Lines with the word "partial" in them must be copied from the records below.

THE DATA section start

lemma integral_tent_iter_Suc_mult:
  fixes g k :: "real \<Rightarrow> real"
  assumes g: "continuous_on {0..1} g" and k: "continuous_on {0..1} k"
  shows "integral {0..1} (\<lambda>y. g (tent_iter (Suc N) y) * k (tent_iter N y)) =
         integral {0..1} (\<lambda>u. g u * tent_avg k u)"
proof -
  have "continuous_on {0..1} (\<lambda>z. g (tent z) * k z)"
    using continuous_on_comp_tent[OF g] k by (rule continuous_on_mult)
  then have "integral {0..1} (\<lambda>y. (\<lambda>z. g (tent z) * k z) (tent_iter N y)) =
      integral {0..1} (\<lambda>z. g (tent z) * k z)"
    by (rule integral_tent_iter_comp)
  then show ?thesis
    by (simp add: tent_iter_Suc integral_tent_comp_mult[OF g k])
qed

section \<open>Exponential moments of the partial sums\<close>

text \<open>Shifting the index by \<open>M\<close> exhibits the partial sums from \<open>N \<ge> M\<close> on as functions of
  \<open>tent_iter M x\<close>, i.e. as measurable for the \<open>\<sigma>\<close>-algebra generated by \<open>tent_iter M\<close>.\<close>
definition shifted_tent_sum :: "(nat \<Rightarrow> real) \<Rightarrow> nat \<Rightarrow> nat \<Rightarrow> nat \<Rightarrow> real \<Rightarrow> real" where
  "shifted_tent_sum c M N K u = (\<Sum>n\<in>{N..K}. c n * tent_star (n - M) u)"

abbreviation tent_sum :: "(nat \<Rightarrow> real) \<Rightarrow> nat \<Rightarrow> nat \<Rightarrow> real \<Rightarrow> real" where
  "tent_sum c N K \<equiv> shifted_tent_sum c 0 N K"

lemma shifted_tent_sum_tent_iter:
  "M \<le> N \<Longrightarrow> shifted_tent_sum c M N K (tent_iter M x) = tent_sum c N K x"
  unfolding shifted_tent_sum_def tent_star_def
  by (intro sum.cong refl) (simp add: tent_iter_add)

lemma continuous_on_shifted_tent_sum: "continuous_on {0..1} (shifted_tent_sum c M N K)"
  unfolding shifted_tent_sum_def[abs_def] tent_star_def
  by (intro continuous_intros continuous_on_tent_iter)

lemma tent_sum_Suc:
  "N \<le> K \<Longrightarrow> tent_sum c N K x = c N * tent_star N x + tent_sum c (Suc N) K x"
  by (simp add: shifted_tent_sum_def sum.atLeast_Suc_atMost)

lemma exp_tent_sum_split:
  assumes "N \<le> K"
  shows "exp (t * tent_sum c N K x) =
    exp (t * shifted_tent_sum c (Suc N) (Suc N) K (tent_iter (Suc N) x)) *
    exp (t * c N * (tent_iter N x - 1/2))"
  by (simp add: tent_sum_Suc[OF assms] shifted_tent_sum_tent_iter tent_star_def
      algebra_simps flip: exp_add)

lemma cosh_le_exp_square_half: "cosh (x::real) \<le> exp (x\<^sup>2 / 2)"
proof -
  define h where "h = 2 * \<bar>x\<bar>"
  \<comment> \<open>Hoeffding's lemma for the two-point distribution on \<open>{0, h}\<close> with equal weights\<close>
  have "ln ((1 + exp h) / 2) \<le> h\<^sup>2 / 8 + h / 2"
    using Hoeffdings_lemma_aux[of h "1/2"] by (simp add: h_def field_simps)
  moreover have "0 < (1 + exp h) / 2"
    by (simp add: add_pos_pos)
  ultimately have "(1 + exp h) / 2 \<le> exp (h\<^sup>2 / 8 + h / 2)"
    by (metis exp_le_cancel_iff exp_ln)
  then have "(1 + exp h) / 2 * exp (- h / 2) \<le> exp (h\<^sup>2 / 8 + h / 2) * exp (- h / 2)"
    by (rule mult_right_mono) simp
  then have "cosh (h / 2) \<le> exp (h\<^sup>2 / 8)"
    by (simp add: cosh_def field_simps flip: exp_add)
  moreover have "cosh (h / 2) = cosh x"
    by (simp add: h_def abs_if)
  ultimately show ?thesis
    by (simp add: h_def power_mult_distrib)
qed

lemma tent_avg_exp: "tent_avg (\<lambda>z. exp (t * (z - 1/2))) u = cosh (t * (u - 1) / 2)"
proof -
  have "t * (u/2 - 1/2) = t * (u - 1) / 2" "t * (1 - u/2 - 1/2) = - (t * (u - 1) / 2)"
    by (simp_all add: field_simps)
  then show ?thesis
    by (simp add: tent_avg_def cosh_def)
qed

lemma tent_avg_exp_le:
  assumes "u \<in> {0..1}"
  shows "tent_avg (\<lambda>z. exp (t * (z - 1/2))) u \<le> exp (t\<^sup>2 / 8)"
proof -
  have "(t * (u - 1) / 2)\<^sup>2 / 2 = t\<^sup>2 / 8 * (u - 1)\<^sup>2"
    by (simp add: power_mult_distrib power_divide)
  also have "\<dots> \<le> t\<^sup>2 / 8"
    using assms by (intro mult_left_le) (auto simp: abs_square_le_1)
  finally show ?thesis
    unfolding tent_avg_exp by (meson cosh_le_exp_square_half exp_le_cancel_iff order_trans)
qed

lemma integral_exp_tent_sum_le:
  assumes "N \<le> Suc K"
  shows "integral {0..1} (\<lambda>x. exp (t * tent_sum c N K x)) \<le> exp (t\<^sup>2 / 8 * (\<Sum>n\<in>{N..K}. (c n)\<^sup>2))"
  using assms
proof (induction N rule: inc_induct)
  case base
  then show ?case by (simp add: shifted_tent_sum_def)
next
  case (step N)
  then have NK: "N \<le> K" by simp
  define g where "g u = exp (t * shifted_tent_sum c (Suc N) (Suc N) K u)" for u
  define k where "k z = exp (t * c N * (z - 1/2))" for z
  define B where "B = exp ((t * c N)\<^sup>2 / 8)"
  have g: "continuous_on {0..1} g"
    unfolding g_def[abs_def] by (intro continuous_intros continuous_on_shifted_tent_sum)
  have k: "continuous_on {0..1} k"
    unfolding k_def[abs_def] by (intro continuous_intros)
  have "integral {0..1} (\<lambda>x. exp (t * tent_sum c N K x)) =
      integral {0..1} (\<lambda>x. g (tent_iter (Suc N) x) * k (tent_iter N x))"
    by (simp add: g_def k_def exp_tent_sum_split[OF NK])
  also have "\<dots> = integral {0..1} (\<lambda>u. g u * tent_avg k u)"
    by (rule integral_tent_iter_Suc_mult[OF g k])
  also have "\<dots> \<le> integral {0..1} (\<lambda>u. g u * B)"
    unfolding B_def k_def
    by (intro integral_le integrable_continuous_interval continuous_intros g k
        continuous_on_tent_avg[OF k, unfolded k_def] mult_left_mono tent_avg_exp_le)
       (auto simp: g_def)
  also have "\<dots> = integral {0..1} (\<lambda>x. g (tent_iter (Suc N) x)) * B"
    by (simp add: integral_tent_iter_comp[OF g])
  also have "\<dots> = integral {0..1} (\<lambda>x. exp (t * tent_sum c (Suc N) K x)) * B"
    by (simp add: g_def shifted_tent_sum_tent_iter)
  also have "\<dots> \<le> exp (t\<^sup>2 / 8 * (\<Sum>n\<in>{Suc N..K}. (c n)\<^sup>2)) * B"
    by (intro mult_right_mono step.IH) (auto simp: B_def)
  also have "\<dots> = exp (t\<^sup>2 / 8 * (\<Sum>n\<in>{N..K}. (c n)\<^sup>2))"
    by (simp add: B_def sum.atLeast_Suc_atMost[OF NK] algebra_simps flip: exp_add)
  finally show ?case .
qed

text \<open>The submartingale property of \<open>exp (t * tent_sum c N K)\<close> in the reversed time \<open>N\<close>,
  tested against a nonnegative function of \<open>tent_iter (Suc N)\<close>.\<close>
lemma integral_exp_tent_sum_submartingale:
  assumes G: "continuous_on {0..1} G" and G_nonneg: "\<And>u. u \<in> {0..1} \<Longrightarrow> 0 \<le> G u"
    and NK: "N \<le> K"
  shows "0 \<le> integral {0..1} (\<lambda>x. G (tent_iter (Suc N) x) *
            (exp (t * tent_sum c N K x) - exp (t * tent_sum c (Suc N) K x)))"
proof -
  define g where "g u = G u * exp (t * shifted_tent_sum c (Suc N) (Suc N) K u)" for u
  define k where "k z = exp (t * c N * (z - 1/2)) - 1" for z
  have g: "continuous_on {0..1} g"
    unfolding g_def[abs_def] by (intro continuous_intros continuous_on_shifted_tent_sum G)
  have k: "continuous_on {0..1} k"
    unfolding k_def[abs_def] by (intro continuous_intros)
  have "integral {0..1} (\<lambda>x. G (tent_iter (Suc N) x) *
            (exp (t * tent_sum c N K x) - exp (t * tent_sum c (Suc N) K x))) =
        integral {0..1} (\<lambda>x. g (tent_iter (Suc N) x) * k (tent_iter N x))"
    by (simp add: g_def k_def exp_tent_sum_split[OF NK] shifted_tent_sum_tent_iter
        algebra_simps)
  also have "\<dots> = integral {0..1} (\<lambda>u. g u * tent_avg k u)"
    by (rule integral_tent_iter_Suc_mult[OF g k])
  also have "0 \<le> \<dots>"
  proof (intro integral_nonneg integrable_continuous_interval continuous_intros g
      continuous_on_tent_avg k)
    fix u :: real assume "u \<in> {0..1}"
    moreover have "tent_avg k u = cosh (t * c N * (u - 1) / 2) - 1"
      using tent_avg_exp[of "t * c N" u] by (simp add: tent_avg_def k_def)
    ultimately show "0 \<le> g u * tent_avg k u"
      by (simp add: g_def G_nonneg cosh_real_ge_1)
  qed
  finally show ?thesis .
qed

section \<open>Doob's maximal inequality\<close>

lemma continuous_on_Max:
  fixes f :: "'i \<Rightarrow> 'a::topological_space \<Rightarrow> 'b::linorder_topology"
  assumes "finite J" "J \<noteq> {}" "\<And>j. j \<in> J \<Longrightarrow> continuous_on S (f j)"
  shows "continuous_on S (\<lambda>x. Max ((\<lambda>j. f j x) ` J))"
  using assms
proof (induction J rule: finite_ne_induct)
  case (insert j J)
  then have "continuous_on S (\<lambda>x. max (f j x) (Max ((\<lambda>j. f j x) ` J)))"
    by (intro continuous_on_max) auto
  with insert show ?case by simp
qed simp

THE DATA section end

**WRITTEN RESPONSE**
section \<open>Exponential moments of the partial sums\<close>
text \<open>Shifting the index by \<open>M\<close> exhibits the partial sums from \<open>N \<ge> M\<close> on as functions of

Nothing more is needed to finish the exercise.